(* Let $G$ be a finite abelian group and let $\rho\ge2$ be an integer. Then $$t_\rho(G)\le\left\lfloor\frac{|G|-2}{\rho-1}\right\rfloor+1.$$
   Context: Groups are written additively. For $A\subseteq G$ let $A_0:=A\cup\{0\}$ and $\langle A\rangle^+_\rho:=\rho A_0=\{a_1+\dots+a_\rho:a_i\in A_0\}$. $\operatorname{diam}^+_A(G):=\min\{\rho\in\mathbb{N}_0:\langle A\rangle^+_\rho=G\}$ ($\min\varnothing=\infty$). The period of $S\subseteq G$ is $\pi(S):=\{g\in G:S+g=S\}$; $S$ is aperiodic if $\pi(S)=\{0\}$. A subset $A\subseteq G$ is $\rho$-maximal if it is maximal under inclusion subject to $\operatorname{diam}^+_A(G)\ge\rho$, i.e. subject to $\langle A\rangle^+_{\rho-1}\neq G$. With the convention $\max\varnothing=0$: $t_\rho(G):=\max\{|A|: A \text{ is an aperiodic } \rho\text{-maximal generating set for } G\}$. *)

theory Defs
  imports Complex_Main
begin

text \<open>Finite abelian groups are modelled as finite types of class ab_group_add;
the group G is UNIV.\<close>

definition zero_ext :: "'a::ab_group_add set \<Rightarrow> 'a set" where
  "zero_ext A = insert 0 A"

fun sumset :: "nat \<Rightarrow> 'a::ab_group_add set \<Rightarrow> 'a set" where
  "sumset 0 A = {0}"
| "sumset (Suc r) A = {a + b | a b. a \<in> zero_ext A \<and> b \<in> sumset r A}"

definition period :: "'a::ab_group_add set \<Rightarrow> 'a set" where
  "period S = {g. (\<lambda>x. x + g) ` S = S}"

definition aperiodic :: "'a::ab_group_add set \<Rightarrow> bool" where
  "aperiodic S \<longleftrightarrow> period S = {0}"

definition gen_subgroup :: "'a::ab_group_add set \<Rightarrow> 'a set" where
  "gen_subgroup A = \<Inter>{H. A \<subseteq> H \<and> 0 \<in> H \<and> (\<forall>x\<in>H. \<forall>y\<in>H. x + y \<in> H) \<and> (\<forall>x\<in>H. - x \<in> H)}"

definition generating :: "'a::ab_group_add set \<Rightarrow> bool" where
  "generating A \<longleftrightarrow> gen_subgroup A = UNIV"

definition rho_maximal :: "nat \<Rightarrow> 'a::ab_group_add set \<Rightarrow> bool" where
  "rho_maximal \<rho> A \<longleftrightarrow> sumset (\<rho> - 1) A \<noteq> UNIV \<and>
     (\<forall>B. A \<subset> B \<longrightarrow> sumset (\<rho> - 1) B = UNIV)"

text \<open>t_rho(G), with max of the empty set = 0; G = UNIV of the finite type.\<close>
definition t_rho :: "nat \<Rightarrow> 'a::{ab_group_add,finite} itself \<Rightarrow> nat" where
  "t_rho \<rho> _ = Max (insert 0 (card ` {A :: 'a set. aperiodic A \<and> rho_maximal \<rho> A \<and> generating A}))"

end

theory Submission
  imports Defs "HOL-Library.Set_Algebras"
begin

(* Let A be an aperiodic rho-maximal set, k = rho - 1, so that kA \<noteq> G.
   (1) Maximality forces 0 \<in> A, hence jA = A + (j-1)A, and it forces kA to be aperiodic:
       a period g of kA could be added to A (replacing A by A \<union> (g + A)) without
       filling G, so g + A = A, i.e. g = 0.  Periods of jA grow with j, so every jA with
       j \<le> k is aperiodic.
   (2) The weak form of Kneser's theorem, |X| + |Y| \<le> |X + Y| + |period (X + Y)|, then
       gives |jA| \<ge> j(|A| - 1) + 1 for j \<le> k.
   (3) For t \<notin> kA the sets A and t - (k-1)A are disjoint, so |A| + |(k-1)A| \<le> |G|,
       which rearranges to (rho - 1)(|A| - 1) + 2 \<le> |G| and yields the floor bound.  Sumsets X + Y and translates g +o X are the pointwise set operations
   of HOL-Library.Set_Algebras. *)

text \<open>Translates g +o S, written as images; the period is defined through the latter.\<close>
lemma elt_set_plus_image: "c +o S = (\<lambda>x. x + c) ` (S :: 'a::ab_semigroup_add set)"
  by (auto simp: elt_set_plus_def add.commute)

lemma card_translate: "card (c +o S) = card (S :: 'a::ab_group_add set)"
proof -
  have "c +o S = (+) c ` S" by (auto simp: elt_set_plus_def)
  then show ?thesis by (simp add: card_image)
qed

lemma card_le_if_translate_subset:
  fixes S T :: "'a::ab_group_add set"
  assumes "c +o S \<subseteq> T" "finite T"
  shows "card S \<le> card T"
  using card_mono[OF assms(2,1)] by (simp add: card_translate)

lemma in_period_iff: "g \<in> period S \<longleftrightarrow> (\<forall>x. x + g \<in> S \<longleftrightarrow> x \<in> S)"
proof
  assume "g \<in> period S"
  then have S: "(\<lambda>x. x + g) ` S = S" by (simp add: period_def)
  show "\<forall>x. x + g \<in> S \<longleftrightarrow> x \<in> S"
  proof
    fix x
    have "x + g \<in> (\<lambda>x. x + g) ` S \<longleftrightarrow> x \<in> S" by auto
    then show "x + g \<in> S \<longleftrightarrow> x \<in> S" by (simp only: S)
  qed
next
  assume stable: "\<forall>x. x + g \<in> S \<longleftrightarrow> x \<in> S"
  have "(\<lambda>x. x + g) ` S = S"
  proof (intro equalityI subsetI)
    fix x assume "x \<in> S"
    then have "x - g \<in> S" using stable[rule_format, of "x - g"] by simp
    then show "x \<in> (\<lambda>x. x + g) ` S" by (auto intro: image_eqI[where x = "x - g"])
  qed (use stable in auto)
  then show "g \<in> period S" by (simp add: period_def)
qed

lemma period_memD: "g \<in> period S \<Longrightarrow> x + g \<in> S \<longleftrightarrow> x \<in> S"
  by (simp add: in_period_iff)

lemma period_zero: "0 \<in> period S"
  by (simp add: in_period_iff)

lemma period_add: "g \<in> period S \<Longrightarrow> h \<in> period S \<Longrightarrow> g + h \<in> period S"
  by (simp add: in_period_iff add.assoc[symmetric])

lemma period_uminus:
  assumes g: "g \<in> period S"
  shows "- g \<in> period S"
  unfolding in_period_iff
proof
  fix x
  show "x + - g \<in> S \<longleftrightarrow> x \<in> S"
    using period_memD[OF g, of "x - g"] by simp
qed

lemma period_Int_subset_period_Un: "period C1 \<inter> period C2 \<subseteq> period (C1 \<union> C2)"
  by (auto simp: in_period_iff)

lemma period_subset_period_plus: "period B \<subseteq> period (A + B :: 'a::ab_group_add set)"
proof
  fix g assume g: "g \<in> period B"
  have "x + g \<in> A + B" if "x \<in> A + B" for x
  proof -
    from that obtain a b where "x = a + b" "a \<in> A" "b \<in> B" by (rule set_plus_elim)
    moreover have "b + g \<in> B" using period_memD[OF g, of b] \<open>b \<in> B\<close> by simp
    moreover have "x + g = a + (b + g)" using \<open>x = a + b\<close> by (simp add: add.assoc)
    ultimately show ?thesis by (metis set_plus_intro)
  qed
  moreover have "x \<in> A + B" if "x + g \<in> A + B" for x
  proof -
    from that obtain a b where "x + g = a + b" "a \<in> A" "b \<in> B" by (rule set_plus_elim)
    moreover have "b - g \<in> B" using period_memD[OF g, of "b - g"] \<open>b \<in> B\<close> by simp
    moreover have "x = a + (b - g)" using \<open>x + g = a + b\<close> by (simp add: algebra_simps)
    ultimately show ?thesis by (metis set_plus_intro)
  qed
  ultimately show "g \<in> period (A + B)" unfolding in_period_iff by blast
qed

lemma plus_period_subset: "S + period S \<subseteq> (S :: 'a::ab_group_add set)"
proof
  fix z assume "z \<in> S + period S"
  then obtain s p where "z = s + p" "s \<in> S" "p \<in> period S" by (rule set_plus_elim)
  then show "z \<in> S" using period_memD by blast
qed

What you are asked to do →
Show all lines from the data above in which the word "generating" appears.

Solution to this task →
   Context: Groups are written additively. For $A\subseteq G$ let $A_0:=A\cup\{0\}$ and $\langle A\rangle^+_\rho:=\rho A_0=\{a_1+\dots+a_\rho:a_i\in A_0\}$. $\operatorname{diam}^+_A(G):=\min\{\rho\in\mathbb{N}_0:\langle A\rangle^+_\rho=G\}$ ($\min\varnothing=\infty$). The period of $S\subseteq G$ is $\pi(S):=\{g\in G:S+g=S\}$; $S$ is aperiodic if $\pi(S)=\{0\}$. A subset $A\subseteq G$ is $\rho$-maximal if it is maximal under inclusion subject to $\operatorname{diam}^+_A(G)\ge\rho$, i.e. subject to $\langle A\rangle^+_{\rho-1}\neq G$. With the convention $\max\varnothing=0$: $t_\rho(G):=\max\{|A|: A \text{ is an aperiodic } \rho\text{-maximal generating set for } G\}$. *)
definition generating :: "'a::ab_group_add set \<Rightarrow> bool" where
  "generating A \<longleftrightarrow> gen_subgroup A = UNIV"
  "t_rho \<rho> _ = Max (insert 0 (card ` {A :: 'a set. aperiodic A \<and> rho_maximal \<rho> A \<and> generating A}))"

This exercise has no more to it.